**Work instruction**: Reproduce the lines below exactly, starting at the one containing "(mmult (N *" and stopping at the final line.

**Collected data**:
lemma span_kron_subset_V1:
  assumes "unitary N U" "no_zero_entries N U" "unitary M V" "no_zero_entries M V"
  shows "cspace.span {kron M F G | F G. F \<in> V1 N U \<and> G \<in> V1 M V} \<subseteq> V1 (N * M) (kron M U V)"
  using assms unitary_kron no_zero_entries_kron
  by (intro cspace.span_minimal) (auto intro: kron_in_V1 subspace_V1)

lemma span_kron_subset_ImV1:
  assumes "unitary N U" "no_zero_entries N U" "unitary M V" "no_zero_entries M V"
  shows "cscale \<i> ` rspace.span {kron M F G | F G. F \<in> ImV1 N U \<and> G \<in> ImV1 M V}
    \<subseteq> ImV1 (N * M) (kron M U V)"
proof (intro span_in_ImV1 unitary_kron no_zero_entries_kron assms)
  fix X assume "X \<in> {kron M F G | F G. F \<in> ImV1 N U \<and> G \<in> ImV1 M V}"
  then obtain F G where "X = kron M F G" "F \<in> ImV1 N U" "G \<in> ImV1 M V"
    by blast
  moreover from this have "kron M F G \<in> V1 (N * M) (kron M U V)"
    using kron_in_V1[OF assms] by (simp add: ImV1_def)
  ultimately show "X \<in> V1 (N * M) (kron M U V) \<and> (\<forall>i j. Re (\<i> * X i j) = 0)"
    by (simp add: ImV1_def kron_def)
qed

subsection \<open>The defect\<close>

definition defect_space :: "nat \<Rightarrow> cmat \<Rightarrow> cmat set" where
  "defect_space n W = {had (\<lambda>i j. \<i> * complex_of_real (R i j)) W | R :: nat \<Rightarrow> nat \<Rightarrow> real.
     antihermitian (mmult n (had (\<lambda>i j. \<i> * complex_of_real (R i j)) W) (adj W))}"

lemma defect_eq_dim: "defect n W = rspace.dim (defect_space n W)"
  by (simp add: defect_def defect_space_def)

lemma defect_space_subset_sqmats: "W \<in> sqmats n \<Longrightarrow> defect_space n W \<subseteq> sqmats n"
  by (auto simp: defect_space_def had_sqmats)

definition unit_matrix :: "nat \<Rightarrow> nat \<Rightarrow> complex \<Rightarrow> cmat" where
  "unit_matrix i j c = (\<lambda>a b. if a = i \<and> b = j then c else 0)"

definition unit_matrices :: "nat \<Rightarrow> cmat set" where
  "unit_matrices n = (\<lambda>(i, j, c). unit_matrix i j c) ` ({..<n} \<times> {..<n} \<times> {1, \<i>})"

lemma finite_unit_matrices: "finite (unit_matrices n)"
  by (simp add: unit_matrices_def)

lemma sqmats_subset_span_unit_matrices: "sqmats n \<subseteq> rspace.span (unit_matrices n)"
proof
  fix X assume X: "X \<in> sqmats n"
  have eq: "X = (\<Sum>(i, j)\<in>{..<n} \<times> {..<n}.
      rscale (Re (X i j)) (unit_matrix i j 1) + rscale (Im (X i j)) (unit_matrix i j \<i>))"
  proof (intro ext)
    fix a b
    have entry: "rscale (Re z) (unit_matrix i j 1) a b + rscale (Im z) (unit_matrix i j \<i>) a b
        = (if (i, j) = (a, b) then z else 0)" for z i j
      by (simp add: rscale_def unit_matrix_def complex_eq_iff)
    have "X a b = (\<Sum>p\<in>{..<n} \<times> {..<n}. if p = (a, b) then X a b else 0)"
      using X by (auto simp: sqmatsD)
    also have "\<dots> = (\<Sum>(i, j)\<in>{..<n} \<times> {..<n}.
        rscale (Re (X i j)) (unit_matrix i j 1) + rscale (Im (X i j)) (unit_matrix i j \<i>)) a b"
      unfolding sum_fun_apply by (intro sum.cong refl) (clarsimp simp: entry split: if_split_asm)
    finally show "X a b = \<dots>" .
  qed
  have "unit_matrix i j c \<in> unit_matrices n" if "i < n" "j < n" "c \<in> {1, \<i>}" for i j c
    using that unfolding unit_matrices_def by (intro image_eqI[where x = "(i, j, c)"]) auto
  then have "(case p of (i, j) \<Rightarrow>
      rscale (Re (X i j)) (unit_matrix i j 1) + rscale (Im (X i j)) (unit_matrix i j \<i>))
      \<in> rspace.span (unit_matrices n)" if "p \<in> {..<n} \<times> {..<n}" for p
    using that by (clarsimp, intro rspace.span_add rspace.span_scale rspace.span_base) auto
  then show "X \<in> rspace.span (unit_matrices n)"
    by (subst eq) (rule rspace.span_sum)
qed

lemma finite_basis_in_sqmats:
  assumes "S \<subseteq> sqmats n"
  obtains B where "finite B" "B \<subseteq> S" "rspace.independent B" "S \<subseteq> rspace.span B"
    "card B = rspace.dim S"
proof -
  obtain B where B: "B \<subseteq> S" "rspace.independent B" "S \<subseteq> rspace.span B" "card B = rspace.dim S"
    by (rule rspace.basis_exists)
  have "B \<subseteq> rspace.span (unit_matrices n)"
    using B(1) assms sqmats_subset_span_unit_matrices by blast
  then have "finite B"
    using rspace.independent_span_bound[OF finite_unit_matrices B(2)] by blast
  with B that show ?thesis
    by blast
qed

lemma card_le_dim_in_sqmats:
  assumes "S \<subseteq> sqmats n" "rspace.independent C" "C \<subseteq> S"
  shows "card C \<le> rspace.dim S"
proof -
  obtain B where "finite B" "S \<subseteq> rspace.span B" "card B = rspace.dim S"
    using finite_basis_in_sqmats[OF assms(1)] by metis
  moreover have "C \<subseteq> rspace.span B"
    using assms(3) \<open>S \<subseteq> rspace.span B\<close> by blast
  ultimately show ?thesis
    using rspace.independent_span_bound[of B C] assms(2) by simp
qed

lemma kron_combination_zero_blocks:
  assumes "BV \<subseteq> sqmats M" and "(\<Sum>p\<in>BU \<times> BV. rscale (c p) (kron M (fst p) (snd p))) = 0"
  shows "(\<Sum>y\<in>BV. cscale (\<Sum>x\<in>BU. complex_of_real (c (x, y)) * x a b) y) = 0"
proof (intro ext)
  fix a' b'
  show "(\<Sum>y\<in>BV. cscale (\<Sum>x\<in>BU. complex_of_real (c (x, y)) * x a b) y) a' b' = 0 a' b'"
  proof (cases "a' < M \<and> b' < M")
    case True
    have "(\<Sum>y\<in>BV. cscale (\<Sum>x\<in>BU. complex_of_real (c (x, y)) * x a b) y) a' b'
        = (\<Sum>y\<in>BV. \<Sum>x\<in>BU. complex_of_real (c (x, y)) * (x a b * y a' b'))"
      by (simp add: sum_fun_apply cscale_def sum_distrib_right mult.assoc)
    also have "\<dots> = (\<Sum>x\<in>BU. \<Sum>y\<in>BV. complex_of_real (c (x, y)) * (x a b * y a' b'))"
      by (rule sum.swap)
    also have "\<dots> = (\<Sum>p\<in>BU \<times> BV. complex_of_real (c p) * (fst p a b * snd p a' b'))"
      by (simp add: sum.cartesian_product split_def)
    also have "\<dots> = (\<Sum>p\<in>BU \<times> BV. rscale (c p) (kron M (fst p) (snd p))) (a * M + a') (b * M + b')"
      using True by (simp add: sum_fun_apply rscale_def kron_entry)
    finally show ?thesis
      using assms(2) by simp
  next
    case False
    then show ?thesis
      using assms(1) by (auto simp: sum_fun_apply cscale_def sqmatsD intro!: sum.neutral)
  qed
qed

text \<open>Over \<open>\<real>\<close>, Kronecker products of independent families of complex matrices need not be
  independent (take \<open>BU = BV = {1, \<i>}\<close> for \<open>1 \<times> 1\<close> matrices); this is excluded by requiring the
  \<open>(a, b)\<close> entries of all elements of \<open>BU\<close> to lie on a common real line \<open>\<real> w\<^sub>a\<^sub>b\<close>.\<close>

lemma kron_products_scalars_zero:
  assumes BU: "finite BU" "rspace.independent BU"
    and real_line: "\<And>x. x \<in> BU \<Longrightarrow> \<exists>\<rho>. \<forall>a b. x a b = complex_of_real (\<rho> a b) * w a b"
    and BV: "finite BV" "rspace.independent BV" "BV \<subseteq> sqmats M"
    and sum_zero: "(\<Sum>p\<in>BU \<times> BV. rscale (c p) (kron M (fst p) (snd p))) = 0"
    and p: "p \<in> BU \<times> BV"
  shows "c p = 0"
proof -
  obtain \<rho> where \<rho>: "\<And>x a b. x \<in> BU \<Longrightarrow> x a b = complex_of_real (\<rho> x a b) * w a b"
    using real_line by metis
  have column_zero: "(\<Sum>x\<in>BU. complex_of_real (c (x, y)) * x a b) = 0" if "y \<in> BV" for a b y
  proof -
    define e where "e y = (\<Sum>x\<in>BU. c (x, y) * \<rho> x a b)" for y
    have "cscale (w a b) (\<Sum>y\<in>BV. rscale (e y) y)
        = (\<Sum>y\<in>BV. cscale (\<Sum>x\<in>BU. complex_of_real (c (x, y)) * x a b) y)"
      by (simp add: fun_eq_iff sum_fun_apply cscale_def rscale_def \<rho> e_def sum_distrib_left
          sum_distrib_right mult_ac)
    also have "\<dots> = 0"
      by (rule kron_combination_zero_blocks[OF BV(3) sum_zero])
    finally have slice: "cscale (w a b) (\<Sum>y\<in>BV. rscale (e y) y) = 0" .
    have "w a b = 0 \<or> e y = 0"
    proof (cases "w a b = 0")
      case False
      then have "(\<Sum>y\<in>BV. rscale (e y) y) = cscale (1 / w a b) (cscale (w a b) (\<Sum>y\<in>BV. rscale (e y) y))"
        by (simp add: cscale_def)
      also have "\<dots> = 0"
        unfolding slice by (simp add: cscale_def fun_eq_iff)
      finally have "(\<Sum>y\<in>BV. rscale (e y) y) = 0" .
      then show ?thesis
        using independent_scalars_zero BV(1,2) that by blast
    qed simp
    moreover have "(\<Sum>x\<in>BU. complex_of_real (c (x, y)) * x a b) = complex_of_real (e y) * w a b"
      by (simp add: \<rho> e_def sum_distrib_right mult.assoc)
    ultimately show ?thesis
      by auto
  qed
  obtain x y where xy: "p = (x, y)" "x \<in> BU" "y \<in> BV"
    using p by blast
  have "(\<Sum>x\<in>BU. rscale (c (x, y)) x) = 0"
    using column_zero[OF xy(3)] by (simp add: fun_eq_iff sum_fun_apply rscale_def)
  then show ?thesis
    using independent_scalars_zero[OF BU, of "\<lambda>x. c (x, y)"] xy by simp
qed

lemma cscale_kron_in_defect_space:
  assumes "V \<in> sqmats M" "X \<in> defect_space N U" "Y \<in> defect_space M V"
  shows "cscale \<i> (kron M X Y) \<in> defect_space (N * M) (kron M U V)"
proof -
  obtain R where R: "X = had (\<lambda>i j. \<i> * complex_of_real (R i j)) U"
    and anti_R: "antihermitian (mmult N X (adj U))"
    using assms(2) by (auto simp: defect_space_def)
  obtain R' where R': "Y = had (\<lambda>i j. \<i> * complex_of_real (R' i j)) V"
    and anti_R': "antihermitian (mmult M Y (adj V))"
    using assms(3) by (auto simp: defect_space_def)
  define R'' where "R'' a b = - (R (a div M) (b div M) * R' (a mod M) (b mod M))" for a b
  have "cscale \<i> (kron M X Y) = had (\<lambda>i j. \<i> * complex_of_real (R'' i j)) (kron M U V)"
    by (simp add: R R' R''_def fun_eq_iff kron_def had_def cscale_def algebra_simps)
  moreover have "Y \<in> sqmats M"
    using assms(1,3) defect_space_subset_sqmats by blast
  then have product: "mmult (N * M) (cscale \<i> (kron M X Y)) (adj (kron M U V))
      = cscale \<i> (kron M (mmult N X (adj U)) (mmult M Y (adj V)))"
    using assms(1) by (simp add: mmult_cscale_left kron_adj kron_mmult adj_sqmats)
  have "antihermitian (mmult (N * M) (cscale \<i> (kron M X Y)) (adj (kron M U V)))"
    using anti_R anti_R' unfolding product unfolding antihermitian_def adj_cscale kron_adj
    by (simp add: fun_eq_iff kron_def cscale_def)
  ultimately show ?thesis
    unfolding defect_space_def by auto
qed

**Result for this task**:
  have "antihermitian (mmult (N * M) (cscale \<i> (kron M X Y)) (adj (kron M U V)))"
    using anti_R anti_R' unfolding product unfolding antihermitian_def adj_cscale kron_adj
    by (simp add: fun_eq_iff kron_def cscale_def)
  ultimately show ?thesis
    unfolding defect_space_def by auto
qed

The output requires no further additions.